Friday, August 28, 2009

LoveSeat docu video up!

A big huge thanks for Juliet Heart for filming the creation and destruction of the LoveSeat at the 2009 Seattle Erotic Art Festival. She followed it for days, arranged for amazing interviews, edited and styled it. If it weren't for her tireless help in this, this work wouldn't be documented. (I am lousy about documenting my own work - I'm working on getting better at it and getting better in asking for help.)
Thank you Juliet!

Enjoy the docu!
(Are blow-up dolls in an art gallery work safe or NSFW?)
K also posted this up in my art site, Ranshin.com I need to be better about keeping that up.

Artists's notes on Femina Potens performance 8/22/09

Pardon my blathering and unorganized thoughts on this post.
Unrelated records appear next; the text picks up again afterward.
lemma tree_of_F_sequence:
  assumes "2 \<le> n" and seq: "F_sequence n (2*n - 3) (2*n - 3) f"
  obtains p where "fh_ranked_tree n p"
    and "\<forall>i j. j \<le> i \<and> i \<le> 2*n - 3 \<longrightarrow> f i j = F_matrix n p i j"
proof -
  define m where "m = 2*n - 2"
  define g where "g = pad_last_row (2*n - 3) f"
  define p where "p w = (LEAST j. row_drop g w j = 1)" for w
  have parent: "p w < w" "\<forall>j<w. row_drop g w j = of_bool (p w \<le> j)"
    if "1 \<le> w" "w \<le> m" for w
  proof -
    have "0 < w"
      using that by simp
    note step = F_sequence_padded_row_drop_step[OF assms(1) seq, of w, folded g_def]
    from nondecreasing_01_eq_threshold[OF step(1,2) \<open>0 < w\<close> step(3)] that
    show "p w < w" "\<forall>j<w. row_drop g w j = of_bool (p w \<le> j)"
      unfolding p_def m_def by blast+
  qed
  have card: "int (card (crossing_edges m p i j)) = f i j" if "j \<le> i" "i \<le> 2*n - 3" for i j
  proof -
    have "\<not> m \<le> 2*n - 3"
      using assms(1) by (simp add: m_def)
    then have "\<forall>j. g m j = 0"
      by (simp add: g_def pad_last_row_def)
    then show ?thesis
      using card_crossing_edges_eq_if_row_drops[of g m p j i] parent(2) that
      by (auto simp: g_def pad_last_row_def m_def)
  qed
  have "fh_ranked_tree n p"
  proof -
    have "card (crossing_edges m p u u) = card (crossing_edges m p (u - 1) (u - 1)) + 1 \<or>
        card (crossing_edges m p u u) + 1 = card (crossing_edges m p (u - 1) (u - 1))"
      if "1 \<le> u" "u \<le> 2*n - 3" for u
    proof -
      have "u - 1 \<le> 2*n - 3"
        using that by linarith
      with F_sequence_squareD(4)[OF seq that] card[of u u] card[of "u - 1" "u - 1"] that
      show ?thesis
        by (elim disjE) linarith+
    qed
    moreover have "card (crossing_edges m p 0 0) = 2"
      using F_sequence_squareD(3)[OF seq] card[of 0 0] by simp
    ultimately show ?thesis
      using fh_ranked_tree_iff_diagonal[OF assms(1)] parent(1) by (simp add: m_def)
  qed
  moreover have "f i j = F_matrix n p i j" if "j \<le> i" "i \<le> 2*n - 3" for i j
    using card[OF that] that by (simp add: F_matrix_eq_card_crossing_edges m_def)
  ultimately show thesis
    using that by blast
qed
lemma P_abc_minus_hyp2F1_eq:
  assumes "0 < a" "0 < b" "a + b < c" "\<bar>w\<bar> < 1"
  shows "P_abc a b c - hyp2F1 a b c w = (1 - w) * (\<Sum>k. series_tail (hyp2F1_coeff a b c) k * w ^ k)"
  using hyp2F1_coeff_sums_P_abc[OF assms(1-3)]
    suminf_minus_power_series_eq[OF _ assms(4), of "hyp2F1_coeff a b c"]
  by (simp add: sums_iff hyp2F1_eq_suminf)

lemma hyp2F1_coeff_Suc_less_Q_abc:
  assumes "0 < a" "0 < b" "a + b < c" "c < a + b + 1"
  defines "e \<equiv> neg_binomial_coeff (a + b + 1 - c)"
  shows "hyp2F1_coeff a b c (Suc k) < Q_abc a b c * (e k - e (Suc k))"
proof -
  define r where "r = a + b + 1 - c"
  define K where "K = Gamma c / (Gamma a * Gamma b)"
  have r: "0 < r" "r < 1" and K: "0 < K"
    using assms by (simp_all add: r_def K_def Gamma_real_pos)
  have "Gamma (a + Suc k) * Gamma (b + Suc k) < Gamma (c + Suc k) * Gamma (r + k)"
    using assms by (intro Gamma_mult_less) (auto simp: r_def)
  moreover have "0 < Gamma (c + Suc k)"
    using assms by (simp add: Gamma_real_pos)
  ultimately have Gamma_less: "Gamma (a + Suc k) * Gamma (b + Suc k) / Gamma (c + Suc k) < Gamma (r + k)"
    by (simp add: pos_divide_less_eq mult.commute)
  have pochhammer_eq: "pochhammer x n = Gamma (x + n) / Gamma x" if "0 < x" for x :: real and n
    using that by (intro pochhammer_Gamma) auto
  then have "hyp2F1_coeff a b c (Suc k)
          = K * (Gamma (a + Suc k) * Gamma (b + Suc k) / Gamma (c + Suc k)) / fact (Suc k)"
    using assms by (simp add: hyp2F1_coeff_def K_def Gamma_real_pos field_simps)
  also have "\<dots> < K * Gamma (r + k) / fact (Suc k)"
    using Gamma_less K by (intro divide_strict_right_mono mult_strict_left_mono) simp_all
  also have "\<dots> = Q_abc a b c * (e k - e (Suc k))"
  proof -
    have diff: "e k - e (Suc k) = (1 - r) / real (Suc k) * e k"
      using neg_binomial_coeff_Suc[of k r] by (simp add: e_def r_def field_simps)
    have ek: "e k = Gamma (r + k) / (Gamma r * fact k)"
      using r by (simp add: e_def r_def neg_binomial_coeff_def pochhammer_eq)
    have Q: "Q_abc a b c = K * Gamma r / (1 - r)"
      by (simp add: Q_abc_def K_def r_def)
    have cancel: "K * g / t * (t / m * (G / (g * f))) = K * G / (m * f)"
      if "g \<noteq> 0" "t \<noteq> 0" for g t m f G :: real
      using that by (simp add: field_simps)
    have "Gamma r \<noteq> 0" "1 - r \<noteq> 0"
      using r by (simp_all add: Gamma_real_pos less_imp_neq[symmetric])
    then show ?thesis
      unfolding diff unfolding ek Q cancel[OF \<open>Gamma r \<noteq> 0\<close> \<open>1 - r \<noteq> 0\<close>]
      by (simp del: of_nat_Suc)
  qed
  finally show ?thesis .
qed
Think of this as me "talking out loud" in creating the artist's statement for the performance piece I committed at the Femina Potens art gallery's "Art of Restraint" event.

Action

DJ starts my music. Arabian pop tunes fill the little gallery as attendees mill about.

Me and my crew are in their places.
- Me: performer, dressed in a deconstructed green kimono. (similar to one of my usual characters)
- Zille: performer, dressed in a green spandex cat suit
- M: still photography
- N: hand-held video
- J: video handler for wall-mounted surveillance camera
- K: Security & communications
- D: performance assistance
- UM1, UM2, UM3, UM4: performers

The range of ethnicity, heritage, citizenship and orientations represented of the crew is very relevant and intentional in this, as well as garments and the music chosen, but this won't become evident until later. I believe most people missed these details but that's expected. That's why I'm working to document this piece during and after.

As the music starts, I pick up a couple of skeins of rope. The crowd begins to gather around us, anticipating the fourth performance in the evening's series. I lay the rope on Zille and begin to move her around in one of my rope dance styles, controlled and slow but in gradually expanding circles, clearing out a space in the center of the gallery as I gently bind her upper body. The movements are attractive yet pretty conventional. This continues for about five minutes. The audience is comfortable and mildly entertained.
Suddenly the door bursts open and many men in full black uniform and riot gear burst in, pushing me and Zille aside. They form a quick barricading formation before the attendees and raise hands into their faces. No insignias or makings visible.. Two of the four Uniformed Men shout loudly at the attendees to stay calm, don't take photos. Other two Uniformed Men charge through the crowd and confront N, my videographer, a visibly Middle Eastern young man. Loud shouting - possibly Slavic accents. Uniformed Man 1 sprays N in the face with what appears to be pepper spray. (in reality- just water) Uniform Men 1 & 2 quickly subdue N onto floor & cuff him though N struggles and shouts in mixture of Arabic and English. D picks up N's camcorder and attempts to continue recording even as she's shouted at by Uniformed Man 3. Uniformed Men 1 & 2 drag N out the door by the ankles as Unformed Men 3 & 4 trail closely behind. As they leave the room they throw leaflets and booklets into the room. The door slams hard behind them, leaving a confused, tense silence behind.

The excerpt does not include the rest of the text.